Having embarked on the Twitter journey myself I found this “in context” article very useful.  Though clearly Carphone Warehouse has an easier time than many as the products they carry are widely discussed…

 

Despite rumours to the contrary, direct mail is not dead!

Friday, April 17th, 2009

The marketing acumen of yesterday…today!

Product marketers today should not be congratulating themselves on how much smarter they are than the Don Drapers of some mythic marketing past. Instead, we should take a humbler view of how the marketing discipline adapts to current exigencies. That perspective makes it easier to understand why some traditional elements of the marketing mix, such as direct mail, haven’t withered in the light of social media.

via The Forrester Blog For Technology Product Management & Marketing Professionals.

Interesting how so many new marketers find it hard to believe that direct mail, events, printed media and television adverts are still important in building and promoting a brand.  A lesson for all of us worrying about being on line and forgetting our roots.

EC starts legal action over Phorm

Friday, April 17th, 2009

Jim Killock, executive director of the Open Rights Group said: “There are big legal questions surrounding BT’s use of Phorm, so we welcome the EU taking the government to task.

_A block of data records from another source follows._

(* Choose a ball of radius r around \<theta>s inside B = {\<theta> \<in> \<Theta>. |\<theta> - \<theta>s| < R}. Outside an event of
  small probability, |a_T| |D1(\<theta>s)| \<le> M1 and |a_T|^2 |D2| \<le> M2 on B; once |a_T| K \<le> r, two
  applications of the mean value inequality make u \<mapsto> H_T(\<theta>s + a_T u) Lipschitz on |u| \<le> K
  with constant M1 + M2 K. This bounds the increments in A8 by (M1 + M2 K) K and the Hoelder
  quotients in A9 by (M1 + M2 K) (2K)^(1-q).
  Only openness of \<Theta>, \<theta>s \<in> \<Theta>, R > 0, |a_T| \<rightarrow> 0, q \<le> 1 and A7 (i)-(iii) are used;
  since tightness is defined through outer probability, the suprema need not be measurable. *)

lemma outer_prob_le_measure:
  assumes "B \<in> sets P" "A \<inter> space P \<subseteq> B"
  shows "outer_prob P A \<le> measure P B"
  unfolding outer_prob_def using assms by (intro cINF_lower) (auto intro: bdd_belowI[of _ 0])

lemma outer_prob_lessE:
  assumes "outer_prob P A < e"
  obtains B where "B \<in> sets P" "A \<inter> space P \<subseteq> B" "measure P B < e"
proof -
  have "{B \<in> sets P. A \<inter> space P \<subseteq> B} \<noteq> {}" by auto
  with assms have "\<exists>B\<in>{B \<in> sets P. A \<inter> space P \<subseteq> B}. measure P B < e"
    unfolding outer_prob_def by (subst (asm) cINF_less_iff) (auto intro: bdd_belowI[of _ 0])
  then show thesis using that by blast
qed

lemma O_p1_exceptional_setsE:
  assumes "O_p1 P TT X" "0 < \<epsilon>"
  obtains T0 M where "T0 \<in> TT"
    "\<And>T. T \<in> TT \<Longrightarrow> T0 \<le> T \<Longrightarrow>
       \<exists>E\<in>sets P. measure P E < \<epsilon> \<and> (\<forall>\<omega>\<in>space P - E. \<bar>X T \<omega>\<bar> \<le> ereal M)"
proof -
  obtain T0 M where "T0 \<in> TT" and tight: "\<forall>T\<in>TT. T0 \<le> T \<longrightarrow>
      outer_prob P {\<omega> \<in> space P. ereal M < \<bar>X T \<omega>\<bar>} < \<epsilon>"
    using assms(1)[unfolded O_p1_def, rule_format, OF assms(2)] by blast
  have "\<exists>E\<in>sets P. measure P E < \<epsilon> \<and> (\<forall>\<omega>\<in>space P - E. \<bar>X T \<omega>\<bar> \<le> ereal M)"
    if T: "T \<in> TT" "T0 \<le> T" for T
  proof -
    obtain B where "B \<in> sets P" "{\<omega> \<in> space P. ereal M < \<bar>X T \<omega>\<bar>} \<inter> space P \<subseteq> B"
        "measure P B < \<epsilon>"
      by (rule outer_prob_lessE[OF tight[rule_format, OF T]])
    then show ?thesis by (intro bexI[of _ B]) (auto simp: not_less)
  qed
  with \<open>T0 \<in> TT\<close> show thesis by (rule that)
qed

lemma O_p1_exceptional_setsI:
  assumes small: "\<And>\<epsilon>. 0 < \<epsilon> \<Longrightarrow> \<exists>T0\<in>TT. \<exists>M. \<forall>T\<in>TT. T0 \<le> T \<longrightarrow>
      (\<exists>E\<in>sets P. measure P E < \<epsilon> \<and> (\<forall>\<omega>\<in>space P - E. \<bar>X T \<omega>\<bar> \<le> ereal M))"
  shows "O_p1 P TT X"
  unfolding O_p1_def
proof (intro allI impI)
  fix \<epsilon> :: real assume "0 < \<epsilon>"
  obtain T0 M where "T0 \<in> TT" and small: "\<forall>T\<in>TT. T0 \<le> T \<longrightarrow>
      (\<exists>E\<in>sets P. measure P E < \<epsilon> \<and> (\<forall>\<omega>\<in>space P - E. \<bar>X T \<omega>\<bar> \<le> ereal M))"
    using small[OF \<open>0 < \<epsilon>\<close>] by blast
  have "outer_prob P {\<omega> \<in> space P. ereal (max M 0 + 1) < \<bar>X T \<omega>\<bar>} < \<epsilon>"
    if T: "T \<in> TT" "T0 \<le> T" for T
  proof -
    obtain E where E: "E \<in> sets P" "measure P E < \<epsilon>"
      and bound: "\<forall>\<omega>\<in>space P - E. \<bar>X T \<omega>\<bar> \<le> ereal M"
      using small T by blast
    have "\<bar>X T \<omega>\<bar> \<le> ereal (max M 0 + 1)" if "\<omega> \<in> space P - E" for \<omega>
      using bound that by (meson ereal_less_eq(3) max.cobounded1 less_add_one order_trans less_imp_le)
    then have "{\<omega> \<in> space P. ereal (max M 0 + 1) < \<bar>X T \<omega>\<bar>} \<inter> space P \<subseteq> E"
      by (auto simp: not_less[symmetric])
    with E show ?thesis by (meson outer_prob_le_measure le_less_trans)
  qed
  with \<open>T0 \<in> TT\<close> show "\<exists>T0\<in>TT. \<exists>M>0. \<forall>T\<in>TT. T0 \<le> T \<longrightarrow>
      outer_prob P {\<omega> \<in> space P. ereal M < \<bar>X T \<omega>\<bar>} < \<epsilon>"
    by (intro bexI exI[of _ "max M 0 + 1"]) auto
qed

lemma O_p1_of_bounded_by:
  assumes X: "O_p1 P TT X" and Y: "O_p1 P TT Y"
    and Q: "\<forall>T\<in>TT. AE \<omega> in P. Q T \<omega>" and "T1 \<in> TT"
    and bound: "\<And>T \<omega> M N. T \<in> TT \<Longrightarrow> T1 \<le> T \<Longrightarrow> \<omega> \<in> space P \<Longrightarrow> Q T \<omega> \<Longrightarrow>
        \<bar>X T \<omega>\<bar> \<le> ereal M \<Longrightarrow> \<bar>Y T \<omega>\<bar> \<le> ereal N \<Longrightarrow> \<bar>Z T \<omega>\<bar> \<le> ereal (g M N)"
  shows "O_p1 P TT Z"
proof (rule O_p1_exceptional_setsI)
  fix \<epsilon> :: real assume "0 < \<epsilon>"
  then have "0 < \<epsilon> / 2" by simp
  obtain TX MX where "TX \<in> TT" and X_small: "\<And>T. T \<in> TT \<Longrightarrow> TX \<le> T \<Longrightarrow>
      \<exists>E\<in>sets P. measure P E < \<epsilon> / 2 \<and> (\<forall>\<omega>\<in>space P - E. \<bar>X T \<omega>\<bar> \<le> ereal MX)"
    by (rule O_p1_exceptional_setsE[OF X \<open>0 < \<epsilon> / 2\<close>]) (rule that)
  obtain TY MY where "TY \<in> TT" and Y_small: "\<And>T. T \<in> TT \<Longrightarrow> TY \<le> T \<Longrightarrow>
      \<exists>E\<in>sets P. measure P E < \<epsilon> / 2 \<and> (\<forall>\<omega>\<in>space P - E. \<bar>Y T \<omega>\<bar> \<le> ereal MY)"
    by (rule O_p1_exceptional_setsE[OF Y \<open>0 < \<epsilon> / 2\<close>]) (rule that)
  define T0 where "T0 = max (max TX TY) T1"
  have "T0 \<in> TT" using \<open>TX \<in> TT\<close> \<open>TY \<in> TT\<close> \<open>T1 \<in> TT\<close> by (simp add: T0_def max_def)
  have "\<exists>E\<in>sets P. measure P E < \<epsilon> \<and> (\<forall>\<omega>\<in>space P - E. \<bar>Z T \<omega>\<bar> \<le> ereal (g MX MY))"
    if T: "T \<in> TT" "T0 \<le> T" for T
  proof -
    have "TX \<le> T" "TY \<le> T" "T1 \<le> T" using T(2) by (auto simp: T0_def)
    obtain E1 where E1: "E1 \<in> sets P" "measure P E1 < \<epsilon> / 2"
      and X_bound: "\<forall>\<omega>\<in>space P - E1. \<bar>X T \<omega>\<bar> \<le> ereal MX"
      using X_small[OF T(1) \<open>TX \<le> T\<close>] by blast
    obtain E2 where E2: "E2 \<in> sets P" "measure P E2 < \<epsilon> / 2"
      and Y_bound: "\<forall>\<omega>\<in>space P - E2. \<bar>Y T \<omega>\<bar> \<le> ereal MY"
      using Y_small[OF T(1) \<open>TY \<le> T\<close>] by blast
    from Q T(1) have "AE \<omega> in P. Q T \<omega>" by blast
    then obtain N where Q_holds: "\<And>\<omega>. \<omega> \<in> space P - N \<Longrightarrow> Q T \<omega>" and "N \<in> null_sets P"
      by (erule AE_E3)
    have "measure P (E1 \<union> E2 \<union> N) = measure P (E1 \<union> E2)"
      using E1 E2 \<open>N \<in> null_sets P\<close> by (intro measure_Un_null_set) auto
    also have "\<dots> \<le> measure P E1 + measure P E2"
      using E1 E2 by (intro measure_Un_le)
    finally have "measure P (E1 \<union> E2 \<union> N) < \<epsilon>" using E1 E2 by linarith
    moreover have "\<bar>Z T \<omega>\<bar> \<le> ereal (g MX MY)" if "\<omega> \<in> space P - (E1 \<union> E2 \<union> N)" for \<omega>
      using bound[OF T(1) \<open>T1 \<le> T\<close>] that X_bound Y_bound Q_holds by blast
    moreover have "E1 \<union> E2 \<union> N \<in> sets P" using E1 E2 \<open>N \<in> null_sets P\<close> by auto
    ultimately show ?thesis by blast
  qed
  with \<open>T0 \<in> TT\<close> show "\<exists>T0\<in>TT. \<exists>M. \<forall>T\<in>TT. T0 \<le> T \<longrightarrow>
      (\<exists>E\<in>sets P. measure P E < \<epsilon> \<and> (\<forall>\<omega>\<in>space P - E. \<bar>Z T \<omega>\<bar> \<le> ereal M))" by blast
qed

lemma lipschitz_on_cball_of_second_derivative_bound:
  fixes f :: "'a::real_normed_vector \<Rightarrow> 'b::real_normed_vector"
    and D1 :: "'a \<Rightarrow> 'a \<Rightarrow>\<^sub>L 'b" and D2 :: "'a \<Rightarrow> 'a \<Rightarrow>\<^sub>L ('a \<Rightarrow>\<^sub>L 'b)"
  assumes deriv: "\<And>\<theta>. \<theta> \<in> cball c \<rho> \<Longrightarrow> (f has_derivative blinfun_apply (D1 \<theta>)) (at \<theta>)
                                    \<and> (D1 has_derivative blinfun_apply (D2 \<theta>)) (at \<theta>)"
    and D2_bound: "\<And>\<theta>. \<theta> \<in> cball c \<rho> \<Longrightarrow> norm (D2 \<theta>) \<le> B"
    and x: "x \<in> cball c \<rho>" and y: "y \<in> cball c \<rho>"
  shows "norm (f x - f y) \<le> (norm (D1 c) + B * \<rho>) * norm (x - y)"
proof -
  have c: "c \<in> cball c \<rho>" using x by (metis mem_cball zero_le_dist order_trans centre_in_cball)
  have D1_lipschitz: "norm (D1 \<theta> - D1 c) \<le> B * norm (\<theta> - c)" if "\<theta> \<in> cball c \<rho>" for \<theta>
    by (rule differentiable_bound[OF convex_cball _ _ that c])
       (use deriv D2_bound in \<open>auto intro: has_derivative_at_withinI simp: norm_blinfun.rep_eq\<close>)
  have D1_bound: "norm (D1 \<theta>) \<le> norm (D1 c) + B * \<rho>" if "\<theta> \<in> cball c \<rho>" for \<theta>
  proof -
    have "0 \<le> B" using D2_bound[OF c] norm_ge_zero order_trans by blast
    moreover have "norm (\<theta> - c) \<le> \<rho>" using that by (simp add: dist_norm norm_minus_commute)
    ultimately have "B * norm (\<theta> - c) \<le> B * \<rho>" by (intro mult_left_mono)
    then show ?thesis using D1_lipschitz[OF that] norm_triangle_sub[of "D1 \<theta>" "D1 c"] by linarith
  qed
  show ?thesis
    by (rule differentiable_bound[OF convex_cball _ _ x y])
       (use deriv D1_bound in \<open>auto intro: has_derivative_at_withinI simp: norm_blinfun.rep_eq\<close>)
qed

lemma add_bounded_linear_mem_cball:
  assumes "bounded_linear L" "norm u \<le> K"
  shows "c + L u \<in> cball c (onorm L * K)"
  using onorm[OF assms(1), of u] mult_left_mono[OF assms(2) onorm_pos_le[OF assms(1)]]
  by (simp add: dist_norm)
(* There exist absolute constants $a,b>0$ such that the following holds. Let $0<\epsilon\le\Delta\le1$ and let $G$ be an $n\times n$ bimatrix game with payoffs in $[0,1]$ that has at most $n^{a(\Delta/\epsilon)^2}$ Nash equilibria and satisfies the well-supported $(\epsilon,\Delta)$-approximation stability condition (or the $(\epsilon/2,\Delta)$-stability to perturbations condition). Then: (1) every Nash equilibrium of $G$ is $8\Delta$-close to a pair of mixed strategies each with support of size at most $b(\Delta/\epsilon)^2\log(1+\Delta^{-1})\log n$; (2) for every game $G'$ within $L_\infty$ distance $\epsilon/2$ of $G$, every Nash equilibrium of $G'$ is $9\Delta$-close to a pair of mixed strategies each with support of size at most $b(\Delta/\epsilon)^2\log(1+\Delta^{-1})\log n$.
   Context: Bimatrix game: row payoff $R_{i,j}$, column payoff $C_{i,j}$; mixed strategies $p,q$ are probability vectors, payoffs $p^TRq$, $p^TCq$; $e_i$ is the $i$-th unit vector; $\mathrm{supp}(p)=\{i:p_i>0\}$. Nash equilibrium: $e_i^TRq\le p^TRq$ and $p^TCe_j\le p^TCq$ for all $i,j$. Well-supported $\epsilon$-equilibrium: for every $i\in\mathrm{supp}(p)$ and all $j$, $e_i^TRq\ge e_j^TRq-\epsilon$, and for every $i\in\mathrm{supp}(q)$ and all $j$, $p^TCe_i\ge p^TCe_j-\epsilon$. Distance $d(p,p')=\frac12\sum_i|p_i-p'_i|$, $d((p,q),(p',q'))=\max(d(p,p'),d(q,q'))$; $\Delta$-close means distance $\le\Delta$. $G'$ (matrices $R',C'$) is within $L_\infty$ distance $\alpha$ of $G$ (an $L_\infty$ $\alpha$-perturbation) if $|R_{i,j}-R'_{i,j}|\le\alpha$ and $|C_{i,j}-C'_{i,j}|\le\alpha$ for all $i,j$ (entries need not be in $[0,1]$). $(\epsilon,\Delta)$-stability to perturbations: for every $L_\infty$ $\epsilon$-perturbation $G'$ of $G$, every Nash equilibrium of $G'$ is $\Delta$-close to some Nash equilibrium of $G$. Well-supported $(\epsilon,\Delta)$-approximation stability: every well-supported $\epsilon$-equilibrium of $G$ is $\Delta$-close to some Nash equilibrium of $G$. $\log$ is natural. *)

theory Defs
  imports "HOL-Analysis.Analysis"
begin

text \<open>n x n bimatrix games: strategies indexed by {..<n}; payoff matrices
  nat => nat => real (only entries with indices < n matter).\<close>

definition mixed :: "nat \<Rightarrow> (nat \<Rightarrow> real) \<Rightarrow> bool" where
  "mixed n p \<longleftrightarrow> (\<forall>i<n. 0 \<le> p i) \<and> (\<forall>i\<ge>n. p i = 0) \<and> (\<Sum>i<n. p i) = 1"

definition supp :: "nat \<Rightarrow> (nat \<Rightarrow> real) \<Rightarrow> nat set" where
  "supp n p = {i. i < n \<and> p i > 0}"

definition unit_vec :: "nat \<Rightarrow> nat \<Rightarrow> real" where
  "unit_vec i = (\<lambda>k. if k = i then 1 else 0)"

definition payoff :: "nat \<Rightarrow> (nat \<Rightarrow> nat \<Rightarrow> real) \<Rightarrow> (nat \<Rightarrow> real) \<Rightarrow> (nat \<Rightarrow> real) \<Rightarrow> real" where
  "payoff n M p q = (\<Sum>i<n. \<Sum>j<n. p i * M i j * q j)"

definition nash :: "nat \<Rightarrow> (nat \<Rightarrow> nat \<Rightarrow> real) \<Rightarrow> (nat \<Rightarrow> nat \<Rightarrow> real)
                    \<Rightarrow> (nat \<Rightarrow> real) \<Rightarrow> (nat \<Rightarrow> real) \<Rightarrow> bool" where
  "nash n R C p q \<longleftrightarrow> mixed n p \<and> mixed n q \<and>
     (\<forall>i<n. payoff n R (unit_vec i) q \<le> payoff n R p q) \<and>
     (\<forall>j<n. payoff n C p (unit_vec j) \<le> payoff n C p q)"

definition ws_eq :: "nat \<Rightarrow> (nat \<Rightarrow> nat \<Rightarrow> real) \<Rightarrow> (nat \<Rightarrow> nat \<Rightarrow> real)
                    \<Rightarrow> real \<Rightarrow> (nat \<Rightarrow> real) \<Rightarrow> (nat \<Rightarrow> real) \<Rightarrow> bool" where
  "ws_eq n R C \<epsilon> p q \<longleftrightarrow> mixed n p \<and> mixed n q \<and>
     (\<forall>i\<in>supp n p. \<forall>j<n. payoff n R (unit_vec i) q \<ge> payoff n R (unit_vec j) q - \<epsilon>) \<and>
     (\<forall>i\<in>supp n q. \<forall>j<n. payoff n C p (unit_vec i) \<ge> payoff n C p (unit_vec j) - \<epsilon>)"

definition sdist :: "nat \<Rightarrow> (nat \<Rightarrow> real) \<Rightarrow> (nat \<Rightarrow> real) \<Rightarrow> real" where
  "sdist n p p' = (\<Sum>i<n. \<bar>p i - p' i\<bar>) / 2"

definition pdist :: "nat \<Rightarrow> (nat \<Rightarrow> real) \<times> (nat \<Rightarrow> real) \<Rightarrow> (nat \<Rightarrow> real) \<times> (nat \<Rightarrow> real) \<Rightarrow> real" where
  "pdist n pq pq' = max (sdist n (fst pq) (fst pq')) (sdist n (snd pq) (snd pq'))"

definition nash_set :: "nat \<Rightarrow> (nat \<Rightarrow> nat \<Rightarrow> real) \<Rightarrow> (nat \<Rightarrow> nat \<Rightarrow> real)
                        \<Rightarrow> ((nat \<Rightarrow> real) \<times> (nat \<Rightarrow> real)) set" where
  "nash_set n R C = {(p, q). nash n R C p q}"

definition perturb :: "nat \<Rightarrow> real \<Rightarrow> (nat \<Rightarrow> nat \<Rightarrow> real) \<Rightarrow> (nat \<Rightarrow> nat \<Rightarrow> real)
                       \<Rightarrow> (nat \<Rightarrow> nat \<Rightarrow> real) \<Rightarrow> (nat \<Rightarrow> nat \<Rightarrow> real) \<Rightarrow> bool" where
  "perturb n \<alpha> R C R' C' \<longleftrightarrow>
     (\<forall>i<n. \<forall>j<n. \<bar>R i j - R' i j\<bar> \<le> \<alpha> \<and> \<bar>C i j - C' i j\<bar> \<le> \<alpha>)"

definition ws_approx_stable :: "nat \<Rightarrow> (nat \<Rightarrow> nat \<Rightarrow> real) \<Rightarrow> (nat \<Rightarrow> nat \<Rightarrow> real)
                                \<Rightarrow> real \<Rightarrow> real \<Rightarrow> bool" where
  "ws_approx_stable n R C \<epsilon> \<Delta> \<longleftrightarrow>
     (\<forall>p q. ws_eq n R C \<epsilon> p q \<longrightarrow> (\<exists>pq'\<in>nash_set n R C. pdist n (p, q) pq' \<le> \<Delta>))"

definition perturb_stable :: "nat \<Rightarrow> (nat \<Rightarrow> nat \<Rightarrow> real) \<Rightarrow> (nat \<Rightarrow> nat \<Rightarrow> real)
                              \<Rightarrow> real \<Rightarrow> real \<Rightarrow> bool" where
  "perturb_stable n R C \<epsilon> \<Delta> \<longleftrightarrow>
     (\<forall>R' C'. perturb n \<epsilon> R C R' C' \<longrightarrow>
        (\<forall>p q. nash n R' C' p q \<longrightarrow> (\<exists>pq'\<in>nash_set n R C. pdist n (p, q) pq' \<le> \<Delta>)))"
definition op_mult :: "nat \<Rightarrow> op \<Rightarrow> op \<Rightarrow> op" where
  "op_mult N X Y s t = (\<Sum>r\<in>configs N. X s r * Y r t)"

definition op_scale :: "complex \<Rightarrow> op \<Rightarrow> op" where
  "op_scale c X s t = c * X s t"

definition op_prod :: "nat \<Rightarrow> op list \<Rightarrow> op" where
  "op_prod N Xs = foldr (op_mult N) Xs op_id"

definition sh :: "complex \<Rightarrow> complex" where
  "sh x = sinh x"

text \<open>4x4 R-matrix entry <a b| R(u,v) |c d>, first factor = site i\<close>
definition Rmat :: "complex \<Rightarrow> complex \<Rightarrow> complex \<Rightarrow> bool \<Rightarrow> bool \<Rightarrow> bool \<Rightarrow> bool \<Rightarrow> complex" where
  "Rmat \<gamma> u v a b c d =
     (if a = c \<and> b = d then (if a = b then sh (u - v + \<gamma>) else sh (u - v))
      else if a \<noteq> b \<and> c = b \<and> d = a then sh \<gamma>
      else 0)"

text \<open>R_{ij}(u,v) acting on sites i,j (i first factor) and as identity elsewhere\<close>
definition Rop :: "complex \<Rightarrow> nat \<Rightarrow> nat \<Rightarrow> complex \<Rightarrow> complex \<Rightarrow> op" where
  "Rop \<gamma> i j u v s t =
     (if \<forall>k. k \<noteq> i \<and> k \<noteq> j \<longrightarrow> s k = t k
      then Rmat \<gamma> u v (s i) (s j) (t i) (t j) else 0)"

text \<open>entry (s,t) of an operator viewed as a 2x2 matrix in the space at site m;
  the result acts on the remaining sites (site m is set to down)\<close>
definition entry :: "nat \<Rightarrow> op \<Rightarrow> bool \<Rightarrow> bool \<Rightarrow> op" where
  "entry m X a b s t = X (s(m := a)) (t(m := b))"
text \<open>Compact operator T : ell^p_A \<rightarrow> ell^q_A: linear, and the image of the unit ball
  is relatively compact in ell^q_A (sequential form: every sequence in the unit ball
  has a subsequence whose images converge in ell^q_A).\<close>

definition compact_op :: "real \<Rightarrow> real \<Rightarrow> ((nat \<Rightarrow> complex) \<Rightarrow> (nat \<Rightarrow> complex)) \<Rightarrow> bool" where
  "compact_op p q T \<longleftrightarrow>
     (\<forall>a. lpA p a \<longrightarrow> lpA q (T a)) \<and>
     (\<forall>a b. lpA p a \<longrightarrow> lpA p b \<longrightarrow> T (\<lambda>n. a n + b n) = (\<lambda>n. T a n + T b n)) \<and>
     (\<forall>a s. lpA p a \<longrightarrow> T (\<lambda>n. s * a n) = (\<lambda>n. s * T a n)) \<and>
     (\<forall>u :: nat \<Rightarrow> nat \<Rightarrow> complex. (\<forall>j. lpA p (u j) \<and> lpA_norm p (u j) \<le> 1) \<longrightarrow>
        (\<exists>\<phi> b. strict_mono \<phi> \<and> lpA q b \<and>
           (\<lambda>j. lpA_norm q (\<lambda>n. T (u (\<phi> j)) n - b n)) \<longlonglongrightarrow> 0))"

end

theory Submission
  imports Defs "HOL-Real_Asymp.Real_Asymp"
begin

text \<open>Both operators are given by nonnegative matrices, (T a) k = (\<Sum>n. R k n * a n). If row k
  has ell^p'-norm at most \<sigma> k, where p' = p/(p-1), Hoelder's inequality gives
  |(T a) k| \<le> \<sigma> k * \<parallel>a\<parallel>_p. Hence \<sigma> \<in> ell^q makes T : ell^p \<rightarrow> ell^q compact (a pointwise
  convergent subsequence of the images of the unit ball converges in ell^q by dominated
  convergence), and \<sigma> \<in> ell^1 makes T = (\<Sum>k. R k(\<cdot>) e_k) a nuclear representation.

  From \<mu> n \<le> C (n+1)^-r, the Cesaro rows have \<sigma> k = (k+1)^(1/p') \<mu> k = O((k+1)^-(r - 1/p')),
  and the splitting (n+k+1)^-r \<le> (k+1)^-e (n+1)^-(r-e) gives the decay (k+1)^-e for the
  Hankel rows whenever e < r - 1/p'. For p close to 1 the exponent e = (r+1)/2 > 1 is
  admissible; for p = 2, e = r/2 gives compactness and e = (2r+1)/4, which exceeds 1 iff
  r > 3/2, nuclearity.\<close>

lemma Holder_inequality_suminf:
  fixes x y :: "nat \<Rightarrow> real" and p q :: real
  assumes p: "p > 1" and conj: "1/p + 1/q = 1"
    and x: "\<And>n. x n \<ge> 0" and y: "\<And>n. y n \<ge> 0"
    and sx: "summable (\<lambda>n. x n powr p)" and sy: "summable (\<lambda>n. y n powr q)"
  shows "summable (\<lambda>n. x n * y n)"
    and "(\<Sum>n. x n * y n) \<le> (\<Sum>n. x n powr p) powr (1/p) * (\<Sum>n. y n powr q) powr (1/q)"
proof -
  have "1/q = 1 - 1/p"
    using conj by linarith
  then have "0 < 1/q" "1/q < 1"
    using p by simp_all
  then have q: "q > 1"
    by (simp add: zero_less_divide_1_iff)
  define A where "A = (\<Sum>n. x n powr p) powr (1/p)"
  define B where "B = (\<Sum>n. y n powr q) powr (1/q)"
  have A: "A powr p = (\<Sum>n. x n powr p)" and B: "B powr q = (\<Sum>n. y n powr q)"
    using p q by (simp_all add: A_def B_def powr_powr suminf_nonneg sx sy)
  have Young: "x n * y n \<le> a * b * (x n powr p / (a powr p * p) + y n powr q / (b powr q * q))"
    if "a > 0" "b > 0" for a b n
    using Youngs_inequality[OF p q conj, of "x n / a" "y n / b"] that x[of n] y[of n]
    by (simp add: powr_divide field_simps)
  show sxy: "summable (\<lambda>n. x n * y n)"
    by (rule summable_comparison_test[OF _ summable_add[OF summable_divide[OF sx] summable_divide[OF sy]]])
       (use Young[of 1 1] x y in auto)
  show "(\<Sum>n. x n * y n) \<le> A * B"
  proof (cases "A = 0 \<or> B = 0")
    case True
    then have "(\<lambda>n. x n * y n) = (\<lambda>n. 0)"
      using A B p q suminf_eq_zero_iff[OF sx] suminf_eq_zero_iff[OF sy] x y by fastforce
    then show ?thesis
      by (simp add: A_def B_def)
  next
    case False
    then have "A > 0" "B > 0"
      by (auto simp: A_def B_def)
    then have "(\<Sum>n. x n * y n) \<le> (\<Sum>n. A * B * (x n powr p / (A powr p * p) + y n powr q / (B powr q * q)))"
      using Young x y by (intro suminf_le sxy summable_mult summable_add summable_divide sx sy) auto
    also have "\<dots> = A * B * (1/p + 1/q)"
      using \<open>A > 0\<close> \<open>B > 0\<close>
      by (simp add: suminf_mult suminf_add[symmetric] suminf_divide summable_add summable_divide sx sy flip: A B)
    finally show ?thesis
      using conj by simp
  qed
qed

“BT should respect everyone’s privacy and drop their plans to snoop on the internet before they damage their own reputation further. Websites should protect their users and block Phorm now.”

via BBC NEWS | Technology | EC starts legal action over Phorm.

It will be interesting to see how many other sites start demanding that their content is not scanned by Phorm – there is now a public wave of interest over this issue.

This legal action does refer to the trials where consent was not requested – rolling out Phorm would require user acceptance of their data being monitored.

Loyalty membership up, activity not

Friday, April 17th, 2009

Membership in loyalty rewards programs in the US has reached a high of 1.808 billion — a 24% jump since Colloquys last census in 2007. There are 14.1 loyalty program memberships per household, however, only 6.2 are actively used. Active participation is relatively flat compared to 2007. Colloquy researchers say that this consumer non-engagement with loyalty programs is a call for marketers to increase the value of their programs, rather than the size.

via Colloquy: Loyalty membership up, activity not – DMNews.

So it seems hard times are making it more interesting for consumers to join membership schemes, but the low level of relevant messaging and offers is not engaging those new consumers and so the exercise is largely wasted. 

The value of a loyalty program is not necessarily in creating higher value offers, but in making a small number of offers to a consumer that match their requirement. 

If you make too many offers then the recipient will probably not plow through dozens to find the one that would have appealed.  As per usual this is about targeting relevant communications to make a difference.